Демиургия близких миров: апология поэтического как политического
Именование — один из решающих элементов сохранения/утраты аутентичности внутри подвижного хронотопа: от поэтической метафоры до перехвата властью, имена сообщают своим референтам степени истинностной плотности в реальности.
Однако не только люди или события, но также слова и категории обретают в своём пути по-настоящему богатые биографии. Одна из них — категория чуда. Так, чудо философского камня очевидным образом вырастает из восторга перед чудом постижения (тающим, однако, в водах нововременного этатистского забвения); а злонамеренные чудотворцы «ведьмы и колдуны» — лишь наиболее отталкивающий для своего времени образ «вечников-крамольников»[1] — защитников самоуправления, свободы и индивидуальной автономии (которых так долго не могли до конца сломить европейские Левиафаны).
По мере технократического расколдовывания мира чудо как феномен заметно отступает в тень, утрачивая свою методологическую необходимость: отныне философия переосмысляет свои задачи в духе прогрессизма, а для расправ над «вечниками-крамольниками»[2] создаются всё более секулярные и real-политические формулировки. На уровне мейнстримных семиотических рядов фигура волшебника необратимо утрачивает свою значимость: рассохшаяся как старая мебель, она отправляется пылиться на чердак истории.
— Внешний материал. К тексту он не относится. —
lemma k_chi_rho_critical_3_if:
  assumes G: "graph G" and obstruction: "has_triangle G \<or> has_P4 G"
    and "packing_coloring G 3 c" "card (edges G) = 3" "\<forall>v\<in>verts G. \<exists>u. adj G v u"
  shows "k_chi_rho_critical 3 G"
proof -
  have "chi_rho G \<le> 3"
    using assms(3) chi_rho_le_iff[OF G] by blast
  moreover have "\<not> chi_rho G \<le> 2"
    using obstruction chi_rho_le_2_iff[OF G] by blast
  ultimately have chi: "chi_rho G = 3"
    by linarith
  moreover have "chi_rho_critical G"
  proof (rule chi_rho_critical_if_edges_minimal[OF G assms(5)])
    fix H assume H: "subgraph H G" "chi_rho G \<le> chi_rho H"
    then have "graph H" "edges H \<subseteq> edges G"
      unfolding subgraph_def by blast+
    moreover have "has_triangle H \<or> has_P4 H"
      using H(2) chi chi_rho_le_2_iff[OF \<open>graph H\<close>] by linarith
    ultimately have "card (edges G) \<le> card (edges H)"
      using three_le_card_edges assms(4) by metis
    then show "edges G \<subseteq> edges H"
      using card_seteq[OF finite_edges[OF G] \<open>edges H \<subseteq> edges G\<close>] by blast
  qed
  ultimately show ?thesis
    unfolding k_chi_rho_critical_def by blast
qed

lemma k_chi_rho_critical_3_triangle:
  assumes "distinct [a, b, c]"
  shows "k_chi_rho_critical 3 (triangle a b c)"
proof (rule k_chi_rho_critical_3_if)
  show "graph (triangle a b c)"
    using assms by (rule graph_triangle)
  show "has_triangle (triangle a b c) \<or> has_P4 (triangle a b c)"
    using assms by (simp add: has_triangle_triangle)
  show "packing_coloring (triangle a b c) 3 (\<lambda>x. if x = a then 1 else if x = b then 2 else 3)"
    using assms by (intro packing_coloring_if_inj) (auto simp: triangle_def inj_on_def)
  show "card (edges (triangle a b c)) = 3"
    using assms by (auto simp: triangle_def card_insert_if doubleton_eq_iff)
  have "adj (triangle a b c) a b" "adj (triangle a b c) b c" "adj (triangle a b c) c a"
    by (simp_all add: triangle_def adj_def doubleton_eq_iff)
  then show "\<forall>v\<in>verts (triangle a b c). \<exists>u. adj (triangle a b c) v u"
    unfolding triangle_def verts_pair by blast
qed

lemma k_chi_rho_critical_3_path4:
  assumes "distinct [a, b, c, d]"
  shows "k_chi_rho_critical 3 (path4 a b c d)"
proof (rule k_chi_rho_critical_3_if)
  let ?P = "path4 a b c d"
  show G: "graph ?P"
    using assms by (rule graph_path4)
  show "has_triangle ?P \<or> has_P4 ?P"
    using assms by (simp add: has_P4_path4)
  have "\<not> adj ?P a c" "\<not> adj ?P c a"
    using assms by (auto simp: path4_def adj_def doubleton_eq_iff)
  then have "enat 1 < dist ?P a c" "enat 1 < dist ?P c a"
    using assms dist_le_1_iff[OF G, of a c] dist_le_1_iff[OF G, of c a] by auto
  then show "packing_coloring ?P 3 (\<lambda>x. if x = a then 1 else if x = b then 2 else if x = c then 1 else 3)"
    using assms unfolding packing_coloring_def by (auto simp: path4_def)
  show "card (edges ?P) = 3"
    using assms by (auto simp: path4_def card_insert_if doubleton_eq_iff)
  have "adj ?P a b" "adj ?P b c" "adj ?P c d" "adj ?P d c"
    by (simp_all add: path4_def adj_def doubleton_eq_iff)
  then show "\<forall>v\<in>verts ?P. \<exists>u. adj ?P v u"
    unfolding path4_def verts_pair by blast
qed

lemma k_chi_rho_critical_3_iff:
  assumes G: "graph G"
  shows "k_chi_rho_critical 3 G \<longleftrightarrow>
    (\<exists>a b c. distinct [a, b, c] \<and> G = triangle a b c) \<or>
    (\<exists>a b c d. distinct [a, b, c, d] \<and> G = path4 a b c d)"
proof
  assume crit: "k_chi_rho_critical 3 G"
  then have "chi_rho_critical G" "chi_rho G = 3"
    unfolding k_chi_rho_critical_def by blast+
  have eq_G: "H = G" if "graph H" "verts H \<subseteq> verts G" "edges H \<subseteq> edges G"
    "has_triangle H \<or> has_P4 H" for H
  proof (rule critical_subgraph_eq[OF \<open>chi_rho_critical G\<close>])
    show "subgraph H G"
      using that unfolding subgraph_def by blast
    show "chi_rho G \<le> chi_rho H"
      using that \<open>chi_rho G = 3\<close> chi_rho_le_2_iff[of H] by linarith
  qed
  have "has_triangle G \<or> has_P4 G"
    using \<open>chi_rho G = 3\<close> chi_rho_le_2_iff[OF G] by linarith
  then show "(\<exists>a b c. distinct [a, b, c] \<and> G = triangle a b c) \<or>
    (\<exists>a b c d. distinct [a, b, c, d] \<and> G = path4 a b c d)"
  proof
    assume "has_triangle G"
    then obtain a b c where abc: "distinct [a, b, c]" "adj G a b" "adj G b c" "adj G a c"
      unfolding has_triangle_def by blast
    moreover have "a \<in> verts G" "b \<in> verts G" "c \<in> verts G"
      using abc adj_in_verts[OF G] by blast+
    ultimately have "triangle a b c = G"
      by (intro eq_G graph_triangle disjI1 has_triangle_triangle) (auto simp: triangle_def adj_def)
    with abc(1) show ?thesis
      by blast
  next
    assume "has_P4 G"
    then obtain a b c d where abcd: "distinct [a, b, c, d]" "adj G a b" "adj G b c" "adj G c d"
      unfolding has_P4_def by blast
    moreover have "a \<in> verts G" "b \<in> verts G" "c \<in> verts G" "d \<in> verts G"
      using abcd adj_in_verts[OF G] by blast+
    ultimately have "path4 a b c d = G"
      by (intro eq_G graph_path4 disjI2 has_P4_path4) (auto simp: path4_def adj_def)
    with abcd(1) show ?thesis
      by blast
  qed
next
  assume "(\<exists>a b c. distinct [a, b, c] \<and> G = triangle a b c) \<or>
    (\<exists>a b c d. distinct [a, b, c, d] \<and> G = path4 a b c d)"
  then show "k_chi_rho_critical 3 G"
    by (auto simp: k_chi_rho_critical_3_triangle k_chi_rho_critical_3_path4)
qed

section \<open>Isomorphism with K2, C3 and P4\<close>

definition graph_image :: "('b \<Rightarrow> 'a) \<Rightarrow> 'b graph \<Rightarrow> 'a graph" where
  "graph_image g H = (g ` verts H, (`) g ` edges H)"

lemma graph_iso_imp_image:
  assumes G: "graph G" and H: "graph H" and "graph_iso G H"
  shows "\<exists>g. inj_on g (verts H) \<and> G = graph_image g H"
proof -
  obtain f where f: "bij_betw f (verts G) (verts H)"
    and edge_iff: "\<forall>u\<in>verts G. \<forall>v\<in>verts G. {u, v} \<in> edges G \<longleftrightarrow> {f u, f v} \<in> edges H"
    using assms(3) unfolding graph_iso_def by blast
  define g where "g = inv_into (verts G) f"
  have g: "bij_betw g (verts H) (verts G)"
    unfolding g_def using f by (rule bij_betw_inv_into)
  have f_g: "f (g x) = x" if "x \<in> verts H" for x
    unfolding g_def using f that by (meson bij_betw_inv_into_right)
  have g_f: "g (f x) = x" if "x \<in> verts G" for x
    unfolding g_def using f that by (meson bij_betw_inv_into_left)
  have "edges G \<subseteq> (`) g ` edges H"
  proof
    fix e assume "e \<in> edges G"
    then obtain x y where "e = {x, y}" "x \<in> verts G" "y \<in> verts G"
      using G unfolding graph_def by blast
    with \<open>e \<in> edges G\<close> have "{f x, f y} \<in> edges H" "e = g ` {f x, f y}"
      using edge_iff g_f by auto
    then show "e \<in> (`) g ` edges H"
      by blast
  qed
  moreover have "(`) g ` edges H \<subseteq> edges G"
  proof
    fix e assume "e \<in> (`) g ` edges H"
    then obtain x y where "{x, y} \<in> edges H" "x \<in> verts H" "y \<in> verts H" "e = {g x, g y}"
      using H unfolding graph_def by auto
    moreover have "g x \<in> verts G" "g y \<in> verts G"
      using g \<open>x \<in> verts H\<close> \<open>y \<in> verts H\<close> bij_betwE by blast+
    ultimately show "e \<in> edges G"
      using edge_iff f_g by metis
  qed
  ultimately have "G = graph_image g H"
    using bij_betw_imp_surj_on[OF g]
    by (auto simp: graph_image_def verts_def edges_def prod_eq_iff)
  with g show ?thesis
    using bij_betw_imp_inj_on by blast
qed

lemma graph_iso_K2_iff:
  assumes "graph G"
  shows "graph_iso G K2 \<longleftrightarrow> (\<exists>u v. u \<noteq> v \<and> G = single_edge u v)"
proof
  assume "graph_iso G K2"
  moreover have "graph K2"
    using graph_single_edge[of "0::nat" 1] by (simp add: K2_def single_edge_def)
  ultimately obtain g where "inj_on g (verts K2)" "G = graph_image g K2"
    using graph_iso_imp_image[OF assms] by blast
  then show "\<exists>u v. u \<noteq> v \<and> G = single_edge u v"
    by (intro exI[of _ "g 0"] exI[of _ "g 1"]) (auto simp: K2_def single_edge_def graph_image_def)
next
  assume "\<exists>u v. u \<noteq> v \<and> G = single_edge u v"
  then obtain u v where "u \<noteq> v" "G = single_edge u v"
    by blast
  then show "graph_iso G K2"
    unfolding graph_iso_def K2_def single_edge_def
    by (intro exI[of _ "\<lambda>x. if x = u then 0 else 1"])
      (auto simp: bij_betw_def inj_on_def doubleton_eq_iff)
qed

lemma graph_iso_C3_iff:
  assumes "graph G"
  shows "graph_iso G C3 \<longleftrightarrow> (\<exists>a b c. distinct [a, b, c] \<and> G = triangle a b c)"
proof
  assume "graph_iso G C3"
  moreover have "graph C3"
    using graph_triangle[of "0::nat" 1 2] by (simp add: C3_def triangle_def)
  ultimately obtain g where "inj_on g (verts C3)" "G = graph_image g C3"
    using graph_iso_imp_image[OF assms] by blast
  then show "\<exists>a b c. distinct [a, b, c] \<and> G = triangle a b c"
    by (intro exI[of _ "g 0"] exI[of _ "g 1"] exI[of _ "g 2"])
      (auto simp: C3_def triangle_def graph_image_def inj_on_def)
next
  assume "\<exists>a b c. distinct [a, b, c] \<and> G = triangle a b c"
  then obtain a b c where "distinct [a, b, c]" "G = triangle a b c"
    by blast
  then show "graph_iso G C3"
    unfolding graph_iso_def C3_def triangle_def
    by (intro exI[of _ "\<lambda>x. if x = a then 0 else if x = b then 1 else 2"])
      (auto simp: bij_betw_def inj_on_def doubleton_eq_iff)
qed

lemma graph_iso_P4_iff:
  assumes "graph G"
  shows "graph_iso G P4 \<longleftrightarrow> (\<exists>a b c d. distinct [a, b, c, d] \<and> G = path4 a b c d)"
proof
  assume "graph_iso G P4"
  moreover have "graph P4"
    using graph_path4[of "0::nat" 1 2 3] by (simp add: P4_def path4_def)
  ultimately obtain g where "inj_on g (verts P4)" "G = graph_image g P4"
    using graph_iso_imp_image[OF assms] by blast
  then show "\<exists>a b c d. distinct [a, b, c, d] \<and> G = path4 a b c d"
    by (intro exI[of _ "g 0"] exI[of _ "g 1"] exI[of _ "g 2"] exI[of _ "g 3"])
      (auto simp: P4_def path4_def graph_image_def inj_on_def)
next
  assume "\<exists>a b c d. distinct [a, b, c, d] \<and> G = path4 a b c d"
  then obtain a b c d where "distinct [a, b, c, d]" "G = path4 a b c d"
    by blast
  then show "graph_iso G P4"
    unfolding graph_iso_def P4_def path4_def
    by (intro exI[of _ "\<lambda>x. if x = a then 0 else if x = b then 1 else if x = c then 2 else 3"])
      (auto simp: bij_betw_def inj_on_def doubleton_eq_iff)
qed

theorem proposition3p1:
  fixes G :: "'a graph"
  assumes "graph G"
  shows "(k_chi_rho_critical 2 G \<longleftrightarrow> graph_iso G K2) \<and>
         (k_chi_rho_critical 3 G \<longleftrightarrow> graph_iso G C3 \<or> graph_iso G P4)"
  using k_chi_rho_critical_2_iff[OF assms] graph_iso_K2_iff[OF assms]
    k_chi_rho_critical_3_iff[OF assms] graph_iso_C3_iff[OF assms] graph_iso_P4_iff[OF assms]
  by blast

end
И хотя сегодня запрос на чудо с очевидностью сохраняется (по-прежнему находя повсеместное выражение в «магическом мышлении» во всех без исключения сферах жизни — прямо посреди технократических потоков современности), — теперь любая фигура, через которую может приходить в мир чудесное, предельно инфантилизирована и как бы преломлена фильтром мультипликационной карикатуризации (неважно, идёт ли речь о волшебниках прошлого, или о чудаковатых демиургах мира науки и искусства).
Декларативно этой фигурой по-прежнему иногда занимают детей, но даже и они больше не принимают её всерьёз: для них чудесное тоже сплющилось в занятные, но бессмысленные поверхности, а чудеса свелись к выученной пресной радости обладания вещами. Предсказуемая техническая «понятность» быстро убаюкивает всех вновь прибывающих в мир, заволакивая их изнутри невыносимой и апатичной скукой. Из её кокона не выйти ни мысли, ни чувству, ни вопрошанию: всё вокруг кажется очевидным и исчерпывающе рассказанным на языке технической инструкции. Но есть одно «но»: из этого непреклонного и патерналистского образа мира совершенно неясно, на что в нём смотреть и зачем вообще в нём быть. Особенно после смерти Бога, переместившей ответственность за смыслополагание на каждого человека в отдельности.
В начале-середине XX века именно в этом зияющем разломе междисциплинарный союз философии и поэзии вдруг инициирует перезагрузку и фигуры волшебника, и волшебства как такового: С. Кржижановский, Б. Пастернак, Г. Башляр, Х. Борхес, Урсула ле Гуин, М. Мамардашвили, Ю. Норштейн и многие другие становятся проводниками новой субъектности волшебника — как того, кто делает «надзрезы» на гомогенной понятности мира, проявляя те его живые потоки, которые не служат никаким из господствующих систем власти, и потому обречены на незримость и бесславность в их гегемонных репрезентациях.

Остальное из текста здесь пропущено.